Grant details: https://securegrants.neh.gov/publicquery/main.aspx?f=1&gn=FB-52417-06

"Our Elder Brother": The role of London Yearly Meeting in the American Quaker turn against slavery (Conference Paper/Presentation)
Title: "Our Elder Brother": The role of London Yearly Meeting in the American Quaker turn against slavery
Author: Elizabeth Cazden
Abstract: In understanding the shift from acceptance to rejection of slavery and slave-trading among American Quakers in the period from 1755-75, a key factor is the influence of the London Quaker hierarchy. The relationship between London Yearly Meeting and the colonial meetings closely resembled that between the central British government and its colonial periphery. Until the 1750s, London Friends signalled strongly that maintaining unity was of primary importance, largely silencing prophetic anti-slavery voices. In 1758, however, London Yearly Meeting issued a strong condemnation of slave-trading, and this directive was a substantial factor in American meetings taking the same stance over the following few years.
Date: 11/5/2010
Conference Name: Quakers and Slavery, 1657-1865 (McNeil Center, Philadelphia)
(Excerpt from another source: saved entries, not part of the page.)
(* Let $U:[1,\infty)\to\mathbb R_+$ be increasing to infinity, continuously differentiable, and regularly varying with index $\gamma\ge0$. For $t$ with $U(t)>1$, let $m(t)$ be the $y\ge 1$ such that $U(t/y)=y$. Then: (i) $m$ is well-defined and increasing; (ii) $m$ is continuously differentiable; (iii) $m(t)\to\infty$ and $t/m(t)\to\infty$ as $t\to\infty$; (iv) $m$ is regularly varying with index $\gamma/(\gamma+1)$. Moreover, if $U(t)=t^\gamma L(t)$ with $L$ slowly varying, then, letting $L_1(t)=L(t^{1/(1+\gamma)})$ and $L_1^*$ be a De Bruijn conjugate of $L_1$, $$m(t)\sim t^{\gamma/(\gamma+1)}\,L_1^*(t)^{-1/(1+\gamma)}\quad\text{as } t\to\infty.$$
   Context: A measurable $h:\mathbb R_+\to\mathbb R_+$ is regularly varying with index $\alpha$ if $h(tx)/h(t)\to x^\alpha$ as $t\to\infty$ for every $x>0$; slowly varying means index $0$. For $L$ slowly varying, a De Bruijn conjugate is a slowly varying function $L^*$ with $L^*(x)L(xL^*(x))\to1$ and $L(x)L^*(xL(x))\to1$ as $x\to\infty$ (it exists and is unique up to asymptotic equivalence). $a\sim b$ means $a/b\to1$. *)

theory Defs
  imports "HOL-Analysis.Analysis" "HOL-Library.Landau_Symbols"
begin

definition regularly_varying :: "real \<Rightarrow> (real \<Rightarrow> real) \<Rightarrow> bool" where
  "regularly_varying \<alpha> h \<longleftrightarrow>
     (\<exists>a>0. (\<forall>t\<ge>a. h t > 0) \<and> h \<in> borel_measurable (restrict_space lborel {a..})) \<and>
     (\<forall>x>0. ((\<lambda>t. h (t * x) / h t) \<longlongrightarrow> x powr \<alpha>) at_top)"

abbreviation slowly_varying :: "(real \<Rightarrow> real) \<Rightarrow> bool" where
  "slowly_varying h \<equiv> regularly_varying 0 h"

definition debruijn_conjugate :: "(real \<Rightarrow> real) \<Rightarrow> (real \<Rightarrow> real) \<Rightarrow> bool" where
  "debruijn_conjugate L Ls \<longleftrightarrow> slowly_varying Ls \<and>
     ((\<lambda>x. Ls x * L (x * Ls x)) \<longlongrightarrow> 1) at_top \<and>
     ((\<lambda>x. L x * Ls (x * L x)) \<longlongrightarrow> 1) at_top"

end

theory Submission
  imports Defs
begin

text \<open>For \<open>t \<in> D\<close> the function \<open>y \<mapsto> U (t / y) - y\<close> is continuous and strictly decreasing,
  so it has a unique zero \<open>m t\<close> in \<open>[1, t]\<close>, and the sign of \<open>U (t / a) - a\<close> tells on which side
  of \<open>a\<close> it lies. Everything else is read off the parametrisation by \<open>p = t / m t\<close>: then
  \<open>m t = U p\<close> and \<open>t = p U p\<close>, so \<open>m = U \<circ> \<phi>\<^sup>-\<^sup>1\<close> for the strictly increasing \<open>\<phi> p = p U p\<close>,
  whose derivative \<open>U + p U'\<close> is positive; this gives continuity and differentiability of \<open>m\<close>.
  As \<open>t \<rightarrow> \<infinity>\<close> also \<open>p \<rightarrow> \<infinity>\<close>, so \<open>U (p x / a) / U p \<rightarrow> (x / a) powr \<gamma>\<close> decides whether
  \<open>m (t x)\<close> lies below or above \<open>a m t\<close>, and \<open>(x / a) powr \<gamma> < a\<close> iff \<open>x powr (\<gamma> / (\<gamma> + 1)) < a\<close>.
  Finally, if \<open>U t = t powr \<gamma> L t\<close> then \<open>t = p powr (1 + \<gamma>) L p\<close> and \<open>m t = p powr \<gamma> L p\<close>, and the
  De Bruijn relation for \<open>L\<^sub>1\<close> at \<open>p powr (1 + \<gamma>)\<close> says \<open>L p L\<^sub>1\<^sup>* t \<rightarrow> 1\<close>.\<close>

lemma powr_ratio_eq:
  fixes x a \<gamma> :: real
  assumes "0 < x" "0 < a" "0 \<le> \<gamma>"
  shows "(x / a) powr \<gamma> / a = (x powr (\<gamma> / (\<gamma> + 1)) / a) powr (\<gamma> + 1)"
proof -
  have "\<gamma> + 1 \<noteq> 0" using assms by linarith
  then have "(x powr (\<gamma> / (\<gamma> + 1)) / a) powr (\<gamma> + 1) = x powr \<gamma> / a powr (\<gamma> + 1)"
    using assms by (simp add: powr_divide powr_powr)
  also have "\<dots> = (x / a) powr \<gamma> / a"
    using assms by (simp add: powr_add powr_divide)
  finally show ?thesis ..
qed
From slave trader to abolitionist: “Quaker Tom” Robinson of Newport, Rhode Island (Conference Paper/Presentation)
Title: From slave trader to abolitionist: “Quaker Tom” Robinson of Newport, Rhode Island
Author: Elizabeth Cazden
Abstract: Thomas Robinson (1731-1817), a life-long Quaker, spent six years in his early 20s engaged in trade with England and the West Indies, and sent at least five slaving voyages to the African coast. He stopped suddenly in 1760, and within a few years became an ardent abolitionist. Although family papers document his activities, he never explained how or why he changed his mind about slavery. This paper explores the various factors at work in Robinson's decision, including the disruptions in shipping occasioned by the Seven Years' War and the changing Quaker ethos that led to meeting disciplinary action against another Newport Quaker slave-trader.